У всех тут истощение, половое воздержание и слабоумие. Не только у Каблукова: вон Варя на улице на руке виснет, сплетни разносит, Ольга так и стреляет глазками по сторонам и глупости бормочет, Мила готова в окно голой вылезти. Барышни сидят по домам, стишки по десять страниц в день строчат, и все чушь. Не знают, чем занять себя, придумывают женские союзы какие-то, состязаются в том, кто длинней шарфик свяжет, у кого стишков в альбомчиках больше и с романами полка длинней. Мне этот доктор решительно нравится. Правда и у него hobby есть странное: собирает билеты — проездные и театральные. У меня тоже в конце спросил:
— Вы свой билет не выкинули?
Я не сразу понял.
— Какой билет?
— Вы на поезде приехали…
— Да.
— Билетик не сохранился ли? Видите ли, я билеты собираю, всякие…

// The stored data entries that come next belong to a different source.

text \<open>Conjugation by \<open>g\<close> maps the factor of the coset \<open>Q\<close> to that of \<open>Q #> g\<close>, and
  \<open>Q \<mapsto> Q #> g\<close> permutes the cosets.\<close>

lemma conj_coset_norm:
  assumes g: "g \<in> carrier G" and b: "b \<in> A"
  shows "inv g \<otimes> coset_norm b \<otimes> g = coset_norm b"
proof -
  let ?f = "\<lambda>Q. inv (rcoset_rep A Q) \<otimes> b \<otimes> rcoset_rep A Q"
  have f: "?f \<in> rcosets A \<rightarrow> A"
    using rcoset_rep_carrier[OF subgroup_A] conj_A_closed b by blast
  have bij: "bij_betw (\<lambda>Q. Q #> g) (rcosets A) (rcosets A)"
    by (rule bij_betw_r_coset_rcosets[OF subgroup_A g])
  have "inv g \<otimes> coset_norm b \<otimes> g = finprod (G\<lparr>carrier := A\<rparr>) (\<lambda>Q. ?f (Q #> g)) (rcosets A)"
    unfolding coset_norm_def conj_finprod[OF g f]
    using conj_rcoset_rep_conj[OF g _ b] f bij_betw_apply[OF bij]
    by (intro A.finprod_cong') (auto simp: Pi_iff)
  also have "\<dots> = finprod (G\<lparr>carrier := A\<rparr>) ?f ((\<lambda>Q. Q #> g) ` (rcosets A))"
    using A.finprod_reindex[of ?f "\<lambda>Q. Q #> g" "rcosets A"] f bij
    by (simp add: bij_betw_def)
  also have "\<dots> = coset_norm b"
    using bij by (simp add: bij_betw_def coset_norm_def)
  finally show ?thesis .
qed

lemma commutator_subgroup_subset_A: "commutator_subgroup G (carrier G) A \<subseteq> A"
  by (rule commutator_subgroup_subset[OF subgroup_A commutator_in_A])

lemma finprod_in_subgroup:
  assumes K: "subgroup K G" "K \<subseteq> A" and f: "f \<in> I \<rightarrow> K"
  shows "finprod (G\<lparr>carrier := A\<rparr>) f I \<in> K"
  using f
proof (induction I rule: infinite_finite_induct)
  case (insert i I)
  then have "f \<in> insert i I \<rightarrow> A" using K(2) by blast
  then show ?case using insert subgroup.m_closed[OF K(1)] by (simp add: Pi_iff)
qed (simp_all add: subgroup.one_closed[OF K(1)])
lemma Ex_T_beta_hat_mult_W_hat:
  fixes E :: "'u::finite \<Rightarrow> 'u \<Rightarrow> ('u \<Rightarrow> bool) \<Rightarrow> bool"
  assumes rd: "r_driven E" and p: "0 < p" "p \<le> 1"
    and a_notin: "a \<notin> A"
    and u_supp: "\<And>r. u a r \<noteq> 0 \<Longrightarrow> r \<in> A"
    and anchored: "\<And>r t. r \<in> A \<Longrightarrow> E a r t"
    and c_anchor: "\<And>r. r \<in> A \<Longrightarrow> c a r = 1"
    and cov: "Cov_T p (exposure w E a) (zu u a) \<noteq> 0"
  shows "Ex_T p (\<lambda>t. beta_hat p \<alpha> \<beta> \<gamma> w E u a t * W_hat p w E c a t)
       = \<beta> a * (\<Sum>r\<in>UNIV. w a r * of_bool (E a r (\<lambda>_. True)))"
proof -
  let ?X1 = "partial_exposure w E a A" and ?X2 = "partial_exposure w E a (- A)"
  have x_split: "exposure w E a = (\<lambda>t. ?X1 t + ?X2 t)"
    by (rule ext) (rule exposure_split)
  have "Ex_T p (\<lambda>t. beta_hat p \<alpha> \<beta> \<gamma> w E u a t * W_hat p w E c a t)
      = Ex_T p (\<lambda>t. (\<beta> a * (?X1 t + ?X2 t) + (\<alpha> a + \<gamma> a * of_bool (t a)))
          * (zu u a t - Ex_T p (zu u a)) / Cov_T p (\<lambda>t. ?X1 t + ?X2 t) (zu u a) * W_hat p w E c a t)"
    unfolding beta_hat_def outcome_def x_split by (simp add: algebra_simps)
  also have "\<dots> = \<beta> a * Ex_T p (W_hat p w E c a)"
  proof (rule Ex_T_cov_ratio_mult)
    show "depends_only_on A (zu u a)"
      using u_supp by (rule depends_only_on_zu)
    show "depends_only_on A ?X1" "depends_only_on (- A) ?X2"
      using rd by (rule depends_only_on_partial_exposure)+
    show "depends_only_on (- A) (\<lambda>t. \<alpha> a + \<gamma> a * of_bool (t a))"
      using a_notin
      by (intro depends_only_on_add depends_only_on_mult depends_only_on_const depends_only_on_coord) simp
    show "depends_only_on (- A) (W_hat p w E c a)"
      using rd anchored c_anchor by (rule depends_only_on_W_hat)
    show "Cov_T p (\<lambda>t. ?X1 t + ?X2 t) (zu u a) \<noteq> 0"
      using cov unfolding x_split .
  qed
  also have "\<dots> = \<beta> a * (\<Sum>r\<in>UNIV. w a r * of_bool (E a r (\<lambda>_. True)))"
    using rd p by (simp add: Ex_T_W_hat)
  finally show ?thesis .
qed

theorem corollary1:
  fixes p :: real
    and \<alpha> \<beta> \<gamma> :: "'u::finite \<Rightarrow> real"
    and w u c :: "'u \<Rightarrow> 'u \<Rightarrow> real"
    and E :: "'u \<Rightarrow> 'u \<Rightarrow> ('u \<Rightarrow> bool) \<Rightarrow> bool"
    and G :: "('u \<times> 'u) set"
  assumes anchor: "anchor_subgraph E G"
    and a_rdriven: "r_driven E"
    and b_p: "0 < p" "p < 1"
    and c_supp: "\<And>a r. u a r \<noteq> 0 \<Longrightarrow> (a, r) \<in> G"
    and d_c: "\<And>a r. c a r = of_bool ((a, r) \<in> G)"
    and e_w: "\<And>a r. (a, r) \<in> G \<Longrightarrow> w a r \<noteq> 0"
    and f_u: "\<And>a. card {r. u a r \<noteq> 0} > 0"
    and cov_nz: "\<And>a. Cov_T p (exposure w E a) (zu u a) \<noteq> 0"
    and w_diag: "\<And>a. w a a = 0"
    and u_diag: "\<And>a. u a a = 0"
  shows "Ex_T p (mu_hat_uni p \<alpha> \<beta> \<gamma> w E u c) = TTE \<beta> \<gamma> w E"
proof -
  have unit: "Ex_T p (\<lambda>t. beta_hat p \<alpha> \<beta> \<gamma> w E u a t * W_hat p w E c a t + gamma_hat p \<alpha> \<beta> \<gamma> w E a t)
      = (\<Sum>r\<in>UNIV. w a r * of_bool (E a r (\<lambda>_. True))) * \<beta> a + \<gamma> a" for a
  proof -
    have "Ex_T p (\<lambda>t. beta_hat p \<alpha> \<beta> \<gamma> w E u a t * W_hat p w E c a t)
        = \<beta> a * (\<Sum>r\<in>UNIV. w a r * of_bool (E a r (\<lambda>_. True)))"
    proof (rule Ex_T_beta_hat_mult_W_hat[where A = "{r. (a, r) \<in> G}"])
      show "a \<notin> {r. (a, r) \<in> G}"
        using e_w w_diag by auto
      show "E a r t" if "r \<in> {r. (a, r) \<in> G}" for r t
        using anchor that unfolding anchor_subgraph_def by auto
    qed (use a_rdriven b_p c_supp d_c cov_nz in auto)
    moreover have "Ex_T p (gamma_hat p \<alpha> \<beta> \<gamma> w E a) = \<gamma> a"
      using a_rdriven b_p w_diag by (rule Ex_T_gamma_hat)
    ultimately show ?thesis
      by (simp add: Ex_T_add mult.commute)
  qed
  show ?thesis
    unfolding mu_hat_uni_def[abs_def] TTE_def Ex_T_cmult Ex_T_sum unit ..
qed
lemma form_eval_sum:
  "finite K \<Longrightarrow> form_eval d (\<lambda>m. \<Sum>k\<in>K. e k m) v = (\<Sum>k\<in>K. form_eval d (e k) v)"
  unfolding form_eval_def by (simp add: mult.assoc sum_distrib_right) (rule sum.swap)

lemma form_fun_add: "form_fun d F \<Longrightarrow> form_fun d G \<Longrightarrow> form_fun d (\<lambda>v. F v + G v)"
  unfolding form_fun_def by (auto simp: fun_eq_iff form_eval_add[symmetric])

lemma form_fun_cmult: "form_fun d F \<Longrightarrow> form_fun d (\<lambda>v. k * F v)"
  unfolding form_fun_def by (auto simp: fun_eq_iff form_eval_cmult[symmetric])

lemma form_fun_zero: "form_fun d (\<lambda>v. 0)"
  unfolding form_fun_def form_eval_def by (auto intro!: exI[of _ "\<lambda>_. 0"])

lemma form_fun_diff: "form_fun d F \<Longrightarrow> form_fun d G \<Longrightarrow> form_fun d (\<lambda>v. F v - G v)"
  using form_fun_add[of d F "\<lambda>v. (-1) * G v"] form_fun_cmult[of d G "-1"] by simp

lemma form_fun_sum:
  "finite K \<Longrightarrow> (\<And>k. k \<in> K \<Longrightarrow> form_fun d (F k)) \<Longrightarrow> form_fun d (\<lambda>v. \<Sum>k\<in>K. F k v)"
  by (induction K rule: finite_induct) (auto intro: form_fun_add form_fun_zero)

abbreviation monomial :: "nat \<times> nat \<times> nat \<Rightarrow> complex^3 \<Rightarrow> complex" where
  "monomial m v \<equiv> (v$1) ^ fst m * (v$2) ^ fst (snd m) * (v$3) ^ snd (snd m)"

lemma form_fun_monomial:
  assumes "m \<in> tmonos d"
  shows "form_fun d (monomial m)"
proof -
  have "form_eval d (\<lambda>m'. if m' = m then 1 else 0) = monomial m"
    using assms by (simp add: form_eval_def fun_eq_iff if_distrib[of "\<lambda>x. x * _"] cong: if_cong)
  then show ?thesis unfolding form_fun_def by metis
qed

lemma form_fun_mult:
  assumes "form_fun a F" "form_fun b G"
  shows "form_fun (a + b) (\<lambda>v. F v * G v)"
proof -
  obtain c e where F: "F = form_eval a c" and G: "G = form_eval b e"
    using assms by (auto simp: form_fun_def)
  have "F v * G v = (\<Sum>m\<in>tmonos a. \<Sum>m'\<in>tmonos b. c m * e m' *
           monomial (fst m + fst m', fst (snd m) + fst (snd m'), snd (snd m) + snd (snd m')) v)" for v
    unfolding F G form_eval_def sum_product
    by (intro sum.cong refl) (simp add: power_add ac_simps)
  moreover have "form_fun (a + b) (\<lambda>v. \<Sum>m\<in>tmonos a. \<Sum>m'\<in>tmonos b. c m * e m' *
           monomial (fst m + fst m', fst (snd m) + fst (snd m'), snd (snd m) + snd (snd m')) v)"
    by (intro form_fun_sum form_fun_cmult form_fun_monomial finite_tmonos)
      (auto simp: tmonos_def)
  ultimately show ?thesis by simp
qed

lemma form_fun_power: "form_fun d F \<Longrightarrow> form_fun (n * d) (\<lambda>v. F v ^ n)"
proof (induction n)
  case 0
  have "form_fun 0 (monomial (0, 0, 0))" by (rule form_fun_monomial) (simp add: tmonos_def)
  then show ?case by simp
next
  case (Suc n)
  then show ?case using form_fun_mult[OF Suc.prems Suc.IH] by (simp add: add.commute)
qed

definition lin_form :: "complex^3 \<Rightarrow> complex^3 \<Rightarrow> complex" where
  "lin_form l v = (\<Sum>i\<in>UNIV. l$i * v$i)"

lemma lin_form_3: "lin_form l v = l$1 * v$1 + l$2 * v$2 + l$3 * v$3"
  by (simp add: lin_form_def sum_3)

lemma lin_form_add: "lin_form l (v + w) = lin_form l v + lin_form l w"
  by (simp add: lin_form_3 algebra_simps)

lemma lin_form_smult: "lin_form l (s *s v) = s * lin_form l v"
  by (simp add: lin_form_3 algebra_simps)

lemma matrix_vector_mult_nth: "(A *v v) $ i = lin_form (A $ i) v"
  by (simp add: matrix_vector_mult_def lin_form_def)

lemma lin_form_matrix_vector_mult: "lin_form l (A *v v) = lin_form (l v* A) v"
  for A :: "complex^3^3"
  by (simp add: lin_form_3 matrix_vector_mult_def vector_matrix_mult_def sum_3 algebra_simps)

lemma form_fun_lin_form: "form_fun 1 (lin_form l)"
proof -
  have "form_fun 1 (\<lambda>v. l$1 * monomial (1,0,0) v + l$2 * monomial (0,1,0) v + l$3 * monomial (0,0,1) v)"
    by (intro form_fun_add form_fun_cmult form_fun_monomial) (auto simp: tmonos_def)
  then show ?thesis by (simp add: lin_form_3[abs_def])
qed

lemma form_fun_lin_form_power: "form_fun n (\<lambda>v. lin_form l v ^ n)"
  using form_fun_power[OF form_fun_lin_form, of n l] by simp

lemma form_fun_linear_change:
  assumes "form_fun d F"
  shows "form_fun d (\<lambda>v. F (A *v v))"
proof -
  obtain c where F: "F = form_eval d c" using assms by (auto simp: form_fun_def)
  have "F (A *v v) = (\<Sum>m\<in>tmonos d. c m * (lin_form (A$1) v ^ fst m *
      lin_form (A$2) v ^ fst (snd m) * lin_form (A$3) v ^ snd (snd m)))" for v
    by (simp add: F form_eval_def matrix_vector_mult_nth mult.assoc)
  moreover have "form_fun d (\<lambda>v. \<Sum>m\<in>tmonos d. c m * (lin_form (A$1) v ^ fst m *
      lin_form (A$2) v ^ fst (snd m) * lin_form (A$3) v ^ snd (snd m)))"
  proof (intro form_fun_sum form_fun_cmult finite_tmonos)
    fix m assume "m \<in> tmonos d"
    then have "d = fst m + fst (snd m) + snd (snd m)" by (auto simp: tmonos_def)
    then show "form_fun d (\<lambda>v. lin_form (A$1) v ^ fst m *
        lin_form (A$2) v ^ fst (snd m) * lin_form (A$3) v ^ snd (snd m))"
      by (simp only: form_fun_mult form_fun_lin_form_power)
  qed
  ultimately show ?thesis by simp
qed

lemma form_fun_restrict_binform:
  assumes "form_fun d F"
  obtains a where "\<And>v. F (vector [v$1, v$2, 0]) = binform d a v"
proof -
  obtain c where F: "F = form_eval d c" using assms by (auto simp: form_fun_def)
  let ?M = "{m \<in> tmonos d. snd (snd m) = 0}"
  have bij: "bij_betw (\<lambda>i. (i, d - i, 0)) {..d} ?M" by (rule bij_betwI') (auto simp: tmonos_def)
  have "F (vector [v$1, v$2, 0]) = (\<Sum>m\<in>?M. c m * (v$1) ^ fst m * (v$2) ^ fst (snd m))" for v
    unfolding F form_eval_def sum.inter_filter[OF finite_tmonos]
    by (intro sum.cong) (auto simp: zero_power)
  also have "\<dots> v = binform d (\<lambda>i. c (i, d - i, 0)) v" for v
    unfolding binform_def sum.reindex_bij_betw[OF bij, symmetric] by simp
  finally show thesis by (rule that)
qed

definition mat3 :: "complex \<Rightarrow> complex \<Rightarrow> complex \<Rightarrow> complex \<Rightarrow> complex \<Rightarrow> complex \<Rightarrow>
    complex \<Rightarrow> complex \<Rightarrow> complex \<Rightarrow> complex^3^3" where
  "mat3 a b c d e f g h i = vector [vector [a, b, c], vector [d, e, f], vector [g, h, i]]"

lemma mat3_mult_nth [simp]:
  "(mat3 a b c d e f g h i *v v)$1 = a * v$1 + b * v$2 + c * v$3"
  "(mat3 a b c d e f g h i *v v)$2 = d * v$1 + e * v$2 + f * v$3"
  "(mat3 a b c d e f g h i *v v)$3 = g * v$1 + h * v$2 + i * v$3"
  by (simp_all add: mat3_def matrix_vector_mult_def sum_3)

lemma vec3_eq_iff: "(x::complex^3) = y \<longleftrightarrow> x$1 = y$1 \<and> x$2 = y$2 \<and> x$3 = y$3"
  by (simp add: vec_eq_iff forall_3)

definition e3 :: "complex^3" where
  "e3 = axis 3 1"

lemma e3_nth [simp]: "e3 $ 1 = 0" "e3 $ 2 = 0" "e3 $ 3 = 1"
  by (simp_all add: e3_def axis_def)

lemma vec3_decompose: "vector [v$1, v$2, 0] + v$3 *s e3 = v"
  by (simp add: vec3_eq_iff)

lemma matrix_vector_mult_add_smult:
  "A *v (v + s *s w) = A *v v + s *s (A *v w)" for A :: "complex^3^3"
  by (simp add: matrix_vector_right_distrib vector_scalar_commute)
(* Let $\Xi$ be any scale limit and $f$ be any scaling function. Then there exists a sequence of permutations which converges at scale $f$ to $\Xi$.
   Context: A scaling function is a function $f:\mathbb{N}\to\mathbb{R}^+$ with $f(n)\le n$ for all $n$, $f(n)\to\infty$ and $f(n)/n\to 0$. Let $S_n$ be the set of permutations of $[n]=\{1,\dots,n\}$ and $S=\bigcup_n S_n$. An occurrence of a pattern $\pi\in S_k$ in $\sigma\in S_n$ is a $k$-element set of indices $i_1<\dots<i_k$ such that $\sigma(i_1)\dots\sigma(i_k)$ is order-isomorphic to $\pi$; its width is $i_k-i_1+1$. For real $f\in[k,n]$, $\rho_f(\pi,\sigma)$ is the number of occurrences of $\pi$ in $\sigma$ of width at most $f$ divided by the number of $k$-element subsets of $[n]$ of width at most $f$. A sequence $(\sigma_j)$ with $|\sigma_j|\to\infty$ converges at scale $f$ to $\Xi\in[0,1]^S$ if $\rho_{f(|\sigma_j|)}(\pi,\sigma_j)\to\Xi_\pi$ for every $\pi\in S$. A scale limit is a vector $\Xi\in[0,1]^S$ such that for some scaling function $g$ there is a sequence of permutations converging at scale $g$ to $\Xi$. *)

theory Defs
  imports "HOL-Analysis.Analysis"
begin

text \<open>A permutation of [n] = {1..n} is represented by its one-line notation,
  a list of length n whose entries are exactly 1..n (each once).
  Entry i (1-based) is sg(i) = xs ! (i - 1).\<close>

definition is_perm :: "nat list \<Rightarrow> bool" where
  "is_perm xs \<longleftrightarrow> distinct xs \<and> set xs = {1..length xs}"

definition Perms :: "nat list set" where
  "Perms = {xs. is_perm xs \<and> length xs \<ge> 1}"

definition scaling_function :: "(nat \<Rightarrow> real) \<Rightarrow> bool" where
  "scaling_function f \<longleftrightarrow>
     (\<forall>n\<ge>1. 0 < f n \<and> f n \<le> real n) \<and>
     filterlim f at_top sequentially \<and>
     ((\<lambda>n. f n / real n) \<longlonglongrightarrow> 0)"

definition width :: "nat set \<Rightarrow> nat" where
  "width I = Max I - Min I + 1"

Я подарил ему мой билет. Смешной человек. Но судит трезво. Есть в нем резкость суждений. Нечего жалеть идиотов! Хвалит постоянно д-ра Мозера.
— Вот у кого поучиться есть чему! Большой практик!
появились противные бабочки; у меня есть подозрение, что они заехали с посылочкой из Харбина; мотыльки, бархатные, бледно-лиловые, маленькие. Надо чем-то травить.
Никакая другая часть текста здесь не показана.